Review by Sean Boelman
Featuring an unforgettable performance by Zoey Deutch (Set it Up), Buffaloed is a new crime comedy set in the unexpected world of debt collecting. Because of the charming and sharp sense of humor lent to the film by the writer and cast, the movie is able to overcome some of its more trope-laden moments to be thoroughly entertaining.
The film follows a street-smart hustler as she turns to the underground world of debt collecting in the hopes of making it big and escaping her hometown of Buffalo, NY, only to get caught up in the darker side of the trade. Ever since movies like The Wolf of Wall Street and The Big Short brought about a resurgence of the “crime-doesn’t-pay-or-does-it” genre, filmmakers have been trying to recapture the same energy and humor to varying levels of success. Buffaloed is arguably one of the more successful attempts in recent memory.

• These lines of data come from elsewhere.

lemma envelope_in_lattice:
  assumes "set_lattice U Y" "\<phi> \<in> A \<rightarrow> Y" "a \<in> A" "le a a"
  shows "envelope A le z \<phi> a \<in> Y"
  unfolding envelope_def using assms by (intro set_lattice_Union_closed) auto

lemma leval_envelope_coordinate:
  assumes a: "a \<in> A" "le a a"
    and bnd: "\<And>b. b \<in> A \<Longrightarrow> c \<subseteq> \<phi> b \<and> \<phi> b \<subseteq> d"
    and below: "\<And>b. b \<in> A \<Longrightarrow> le b a \<or> le b z \<Longrightarrow> leval t (y(k := \<phi> b)) \<subseteq> leval t (y(k := \<phi> a))"
  shows "leval t (y(k := envelope A le z \<phi> a)) = leval t (y(k := \<phi> a))"
proof -
  define P where "P = leval t (y(k := c))"
  define Q where "Q = leval t (y(k := d))"
  have median: "leval t (y(k := u)) = P \<union> (u \<inter> Q)" if "c \<subseteq> u" "u \<subseteq> d" for u
    unfolding P_def Q_def using leval_median[OF that] .
  have env: "\<phi> a \<subseteq> envelope A le z \<phi> a" "envelope A le z \<phi> a \<subseteq> d"
    using envelope_upper[of a A le \<phi> z] a envelope_bounded[of A \<phi> d] bnd by auto
  have "envelope A le z \<phi> a \<inter> Q \<subseteq> leval t (y(k := \<phi> a))"
  proof
    fix u assume "u \<in> envelope A le z \<phi> a \<inter> Q"
    then obtain b where b: "b \<in> A" "le b a \<or> le b z" "u \<in> \<phi> b" "u \<in> Q"
      unfolding envelope_def by blast
    then have "u \<in> leval t (y(k := \<phi> b))" using median bnd[OF b(1)] by auto
    then show "u \<in> leval t (y(k := \<phi> a))" using below[OF b(1,2)] by blast
  qed
  moreover have "c \<subseteq> \<phi> a" "\<phi> a \<subseteq> d" using bnd a(1) by auto
  ultimately show ?thesis using median env by auto
qed
(* Let $X:[0,\infty)\times\mathbb R^d\times\Omega\to\mathbb R$, $x_0\in\mathbb R^d$, $T>0$, and suppose there are $A_T>0$, $p>d+1$, $\gamma\in(0,1)$, $\beta\in(0,1)$ such that for all $x,y\in\mathbb R^d$, $t,s\in[0,T]$: $$\mathbb E|X(0,x_0)|^p\le A_T,\quad \mathbb E|X(t,x)-X(t,y)|^p\le A_T|x-y|^{\gamma p},\quad \mathbb E|X(t,x)-X(s,x)|^p\le A_T|t-s|^{\beta p}.$$ If $p\gamma>d+1$, $p\beta>d+1$ and $\theta>\frac{p\gamma}{p-(d+1)}$, then there is a constant $C=C_{p,d,\gamma,\beta,\theta}$ (not depending on $X$, $A_T$, $x_0$) such that ($X$ has a continuous modification on $[0,T]\times\mathbb R^d$ which satisfies) $$\mathbb E\Big|\sup_{t\in[0,T]}\sup_{x\in\mathbb R^d}\frac{|X(t,x)|}{1+|x-x_0|^\theta}\Big|^p\le CA_T,\qquad \mathbb P\Big(\lim_{|x|\to\infty}\sup_{t\in[0,T]}\frac{|X(t,x)|}{1+|x-x_0|^\theta}=0\Big)=1.$$ Hence $X\in C_{x_0,\theta}([0,T]\times\mathbb R^d)$ almost surely.
   Context: $C_{x_0,\theta}([0,T]\times\mathbb R^d)$ is the space of continuous $\psi:[0,T]\times\mathbb R^d\to\mathbb R$ with $\lim_{|x|\to\infty}\sup_{t\in[0,T]}|\psi(t,x)|/(1+|x-x_0|^\theta)=0$, normed by $\sup_{t\in[0,T]}\sup_x|\psi(t,x)|/(1+|x-x_0|^\theta)$. *)

theory Defs
  imports "HOL-Probability.Probability"
begin

end

theory Submission
  imports Defs
begin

Hitting the ground running, the film starts off by introducing the audience to the protagonist and explaining all of the things that are wrong with her hometown of Buffalo, NY. With this, the movie cements itself clearly as both a love letter to the “debt collection capital of America” (an unbelievable but true fact) and an indictment of the American economy and how this country prevents social mobility.

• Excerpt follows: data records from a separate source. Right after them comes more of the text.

lemma killing_nondegenerate:
  assumes "\<And>y. killing Tv x y = 0"
  shows "x = 0"
proof (rule ccontr)
  assume "x \<noteq> 0"
  define R where "R = {v. \<forall>y. killing Tv v y = 0}"
  have "Real_Vector_Spaces.subspace R"
    unfolding Real_Vector_Spaces.subspace_def R_def
    using killing_scale_left[of Tv 0] by (simp add: killing_add_left killing_scale_left)
  moreover have "lie_bracket Tv z v \<in> R" if "v \<in> R" for z v
    using that unfolding R_def by (simp add: killing_invariant)
  ultimately have "R = UNIV"
    using ideal_eq_UNIV assms \<open>x \<noteq> 0\<close> R_def by blast
  then have "killing Tv (gen_coord 0 1) (gen_coord 0 1) = 0"
    unfolding R_def by blast
  then show False
    using killing_gen_coord_01 by simp
qed

lemma span_lie_brackets: "span (range (\<lambda>(x, y). lie_bracket Tv x y)) = UNIV"
proof (rule ideal_eq_UNIV)
  show "lie_bracket Tv z x \<in> span (range (\<lambda>(x, y). lie_bracket Tv x y))" for z x
    by (rule span_base) (use rangeI[of "\<lambda>(x, y). lie_bracket Tv x y" "(z, x)"] in simp)
  have "emb (lie_bracket Tv (gen_coord 0 1) (gen_coord 1 2)) = emb (gen_coord 0 2)"
    unfolding emb_lie_bracket emb_gen_coord by (rule fmat_bracket_gen_chain) simp_all
  then show "gen_coord 0 2 \<in> span (range (\<lambda>(x, y). lie_bracket Tv x y))"
    by (metis emb_inj \<open>\<And>z x. lie_bracket Tv z x \<in> _\<close>)
  have "emb (gen_coord 0 2) 0 2 \<noteq> 0"
    unfolding emb_gen_coord so23_gen_def by simp
  then show "gen_coord 0 2 \<noteq> 0" by auto
qed simp

lemma derivation_is_ad:
  assumes "\<And>x y. D *v lie_bracket Tv x y = lie_bracket Tv (D *v x) y + lie_bracket Tv x (D *v y)"
  obtains b where "D = ad_mat Tv b"
  using derivation_is_inner[OF killing_nondegenerate span_lie_brackets assms] by blast

end

section \<open>Schur's lemma for the spinor representation\<close>

text \<open>The fundamental theorem of algebra, through the characteristic polynomial.\<close>

lemma fmat_complex_eigenvector:
  fixes N :: "'n::finite \<Rightarrow> 'n \<Rightarrow> real"
  obtains k :: complex and z :: "'n \<Rightarrow> complex"
  where "z \<noteq> (\<lambda>a. 0)" "\<And>a. (\<Sum>b\<in>UNIV. complex_of_real (N a b) * z b) = k * z a"
proof -
  let ?n = "CARD('n)"
  obtain h where h: "bij_betw h {0..<?n} (UNIV :: 'n set)"
    using ex_bij_betw_nat_finite[of "UNIV :: 'n set"] by auto
  define ix where "ix = the_inv_into {0..<?n} h"
  have h_ix: "h (ix a) = a" for a
    using f_the_inv_into_f_bij_betw[OF h] unfolding ix_def by simp
  have ix_less: "ix a < ?n" for a
    using the_inv_into_into[OF bij_betw_imp_inj_on[OF h], of a "{0..<?n}"] bij_betw_imp_surj_on[OF h]
    unfolding ix_def by auto
  have ix_h: "ix (h j) = j" if "j < ?n" for j
    using the_inv_into_f_f[OF bij_betw_imp_inj_on[OF h]] that unfolding ix_def by simp
  define A where "A = mat ?n ?n (\<lambda>(i, j). complex_of_real (N (h i) (h j)))"
  have A: "A \<in> carrier_mat ?n ?n"
    unfolding A_def by simp
  obtain k where "k \<in> spectrum A"
    using spectrum_non_empty[OF A] by auto
  then obtain v where "eigenvector A v k"
    unfolding spectrum_def eigenvalue_def by auto
  then have v: "v \<in> carrier_vec ?n" "v \<noteq> 0\<^sub>v ?n" "A *\<^sub>v v = k \<cdot>\<^sub>v v"
    unfolding eigenvector_def using A by auto
  define z where "z a = v $ ix a" for a
  have "(\<Sum>b\<in>UNIV. complex_of_real (N a b) * z b) = k * z a" for a
  proof -
    have "(\<Sum>b\<in>UNIV. complex_of_real (N a b) * z b)
        = (\<Sum>j\<in>{0..<?n}. complex_of_real (N (h (ix a)) (h j)) * v $ j)"
      unfolding h_ix z_def sum.reindex_bij_betw[OF h, symmetric]
      by (intro sum.cong refl) (simp add: ix_h)
    also have "\<dots> = (A *\<^sub>v v) $ ix a"
      using v(1) ix_less[of a] by (simp add: A_def scalar_prod_def row_def)
    also have "\<dots> = k * z a"
      using v ix_less[of a] by (simp add: z_def)
    finally show ?thesis .
  qed
  moreover have "z \<noteq> (\<lambda>a. 0)"
  proof
    assume "z = (\<lambda>a. 0)"
    then have "v $ j = 0" if "j < ?n" for j
      using fun_cong[of z _ "h j"] ix_h[OF that] unfolding z_def by simp
    then have "v = 0\<^sub>v ?n"
      using v(1) by (intro eq_vecI) auto
    then show False using v(2) by simp
  qed
  ultimately show ?thesis using that by blast
qed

The protagonist of this film, Peg Dahl, is the perfect Byronic hero. Charming and quick-talking, but sometimes a little bit annoying, it’s hard not to love her and all of her antics (even when they start to become somewhat illicit). Admittedly, the supporting cast is relatively archetypal (sometimes to the point of being cartoonish), but this is very much Peg’s show, and the audience will buy into it.
Zoey Deutch is absolutely wonderful in her leading role. Although she has had a few memorable comedic turns in the past (including a scene-stealing appearance in Zombieland: Double Tap), this is arguably her best work yet. She is absolutely perfect at the comedic timing, and her chemistry with the rest of the cast is great. Jai Courtney is also a standout, yet again proving that he is extremely talented when given the right role.
Arguably the most successful thing about this movie is the kineticism of the script. Writer Brian Sacca has given audiences a film that never slows down and yet feels totally cohesive and complete. Although the movie isn’t based on a true story or real people, it is very much set in a real phenomenon, and this is a big part of what makes it so intriguing.
Director Tanya Wexler also brings an energetic visual style to the table. Although some of the techniques used are a bit cliché (freeze frame in the beginning kicking off the tongue-in-cheek narration), other portions of the film are strikingly effective. The use of montages, for example, is very impressive, building the visual rhythm of the movie.
Buffaloed is a very entertaining and well-made entry into a genre that is typically very compelling. Although it may not reinvent the wheel, director Tanya Wexler takes these tropes and gives viewers a very watchable caper.
Buffaloed is now in theaters and on VOD.